Social media and depression

http://www.huffingtonpost.co.uk/ales-zivkovic/linking-social-media-and-_b_12637042.html

Identification seems to be at the root of depression associated with social media. As humans we are social creatures and need human interaction and recognition as part of our basic needs. The rise of technology and internet started messing with this. But it was only with the rise of social media when people started using it to meet their social needs.

People identify themselves with their jobs, their family roles, their possessions, their social roles. One can be the mother, the parent, the rich one, the lawyer, or in the case of Sartre – the waiter. All these are aspects of identification.

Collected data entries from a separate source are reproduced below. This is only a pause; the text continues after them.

(* Let $n\ge4$ be a power of $2$. Then $\mathcal{B}^{(n)}\subseteq\mathcal{M}^{(b,n)}$ for every integer $b\in(1,n)$ dividing $n$. When $n\ge512$ the inclusion is strict.
   Context: Matrices over $\mathbb{F}\in\{\mathbb{R},\mathbb{C}\}$. For $d$ dividing $n$: $\mathcal{B}\mathcal{D}^{(d,n)}$ is the class of $n\times n$ block-diagonal matrices with $n/d$ arbitrary diagonal blocks of size $d\times d$; $\mathcal{D}\mathcal{B}^{(d,n)}$ is the class of $n\times n$ matrices which, partitioned into an $(n/d)\times(n/d)$ grid of $d\times d$ blocks, have every block diagonal. The Monarch class $\mathcal{M}^{(b,n)}$ is the set of products $\mathbf{L}\mathbf{R}$ with $\mathbf{L}\in\mathcal{D}\mathcal{B}^{(b,n)}$ and $\mathbf{R}\in\mathcal{B}\mathcal{D}^{(b,n)}$. For $k\in\{2,4,\dots,n\}$ a power of 2, a butterfly factor matrix in $\mathcal{B}\mathcal{F}^{(n,k)}$ is an $n\times n$ block-diagonal matrix with $n/k$ diagonal blocks, each a $k\times k$ butterfly factor $\begin{bmatrix}\mathbf{D}_1&\mathbf{D}_2\\\mathbf{D}_3&\mathbf{D}_4\end{bmatrix}$ with $\mathbf{D}_1,\dots,\mathbf{D}_4$ arbitrary $(k/2)\times(k/2)$ diagonal matrices. The butterfly class $\mathcal{B}^{(n)}$ consists of all products $\mathbf{B}_n\mathbf{B}_{n/2}\cdots\mathbf{B}_2$ with $\mathbf{B}_k\in\mathcal{B}\mathcal{F}^{(n,k)}$. *)

theory Defs
  imports "Jordan_Normal_Form.Matrix"
begin

definition BD :: "nat \<Rightarrow> nat \<Rightarrow> 'a::field mat set" where
  "BD d n = {A \<in> carrier_mat n n. \<forall>i<n. \<forall>j<n. i div d \<noteq> j div d \<longrightarrow> A $$ (i, j) = 0}"

text \<open>(n/d) x (n/d) grid of d x d blocks, every block diagonal.\<close>
definition DB :: "nat \<Rightarrow> nat \<Rightarrow> 'a::field mat set" where
  "DB d n = {A \<in> carrier_mat n n. \<forall>i<n. \<forall>j<n. i mod d \<noteq> j mod d \<longrightarrow> A $$ (i, j) = 0}"

definition Monarch :: "nat \<Rightarrow> nat \<Rightarrow> 'a::field mat set" where
  "Monarch b n = {L * R | L R. L \<in> DB b n \<and> R \<in> BD b n}"

text \<open>Butterfly factor matrices: block diagonal with n/k blocks of size k x k, each block
  of the form [D1 D2; D3 D4] with (k/2) x (k/2) diagonal D_i, i.e. inside a block the
  entry (r,s) may be nonzero only if r = s mod k/2.\<close>
definition BF :: "nat \<Rightarrow> nat \<Rightarrow> 'a::field mat set" where
  "BF n k = {A \<in> carrier_mat n n. \<forall>i<n. \<forall>j<n.
      (i div k \<noteq> j div k \<or> (i mod k) mod (k div 2) \<noteq> (j mod k) mod (k div 2)) \<longrightarrow> A $$ (i, j) = 0}"

text \<open>Butterfly class: products B_n B_{n/2} ... B_2, B_k in BF n k. The list Bs is
  [B_n, B_{n/2}, ..., B_2] (entry t has k = n / 2^t), and 2^(length Bs) = n.\<close>
definition Butterfly :: "nat \<Rightarrow> 'a::field mat set" where
  "Butterfly n = {foldr (*) Bs (1\<^sub>m n) | Bs. 2 ^ length Bs = n \<and>
      (\<forall>t<length Bs. Bs ! t \<in> BF n (n div 2 ^ t))}"

end

theory Submission
  imports Defs "HOL-Computational_Algebra.Primes"
begin

text \<open>A butterfly factor in \<open>BF n k\<close> only couples indices in the same \<open>k\<close>-block that agree
  modulo \<open>k/2\<close>. For a power of two \<open>b\<close>, the factors with \<open>k > b\<close> therefore only couple indices
  congruent modulo \<open>b\<close> (they lie in \<open>DB b n\<close>), and those with \<open>k \<le> b\<close> only couple indices
  in the same \<open>b\<close>-block (they lie in \<open>BD b n\<close>). The product runs through decreasing \<open>k\<close>, so
  the first factors multiply to \<open>L\<close> and the remaining ones to \<open>R\<close>, both classes being closed
  under products.

  For strictness: if \<open>b | i\<close> and \<open>j < b\<close>, the only nonzero term of \<open>(L R)(i,j)\<close> is
  \<open>L(i,0) R(0,j)\<close>, so every Monarch matrix has a vanishing \<open>2\<times>2\<close> minor on rows \<open>0, b\<close> and
  columns \<open>0, j\<close>. A 0-1 matrix with two ones violates this for \<open>b = 2\<close> (resp. \<open>b = 4\<close>) while
  lying in every \<open>Monarch b n\<close> with \<open>b > 2\<close> (resp. in \<open>Monarch 2 n\<close>), whereas butterflies
  lie in both \<open>Monarch 2 n\<close> and \<open>Monarch 4 n\<close>.\<close>

definition fibre_block_mat :: "nat \<Rightarrow> (nat \<Rightarrow> 'b) \<Rightarrow> 'a::zero mat set" where
  "fibre_block_mat n f = {A \<in> carrier_mat n n. \<forall>i<n. \<forall>j<n. f i \<noteq> f j \<longrightarrow> A $$ (i, j) = 0}"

Excessive identification when someone places too much value in whatever they identify themselves with rather than into themselves is in itself a problem. That’s why you will have entrepreneurs who fail consider themselves failures rather than a person that that failed – and this is just one of numerous examples. Once the source of identification is broken, a person will obviously lose all self-esteem and sense of validation, which is a fertile ground for depression.

Social media took identification further. It brought it online. It simplified it. We started putting up profiles that represent us in the world out there. We started pimping ourselves up in the way we wanted to be seen. We withdrew ourselves from the world and replaced ourselves with avatars which we control from the comfort of our own homes—or conveniently from a coffee shop sipping that latte and polishing our profiles.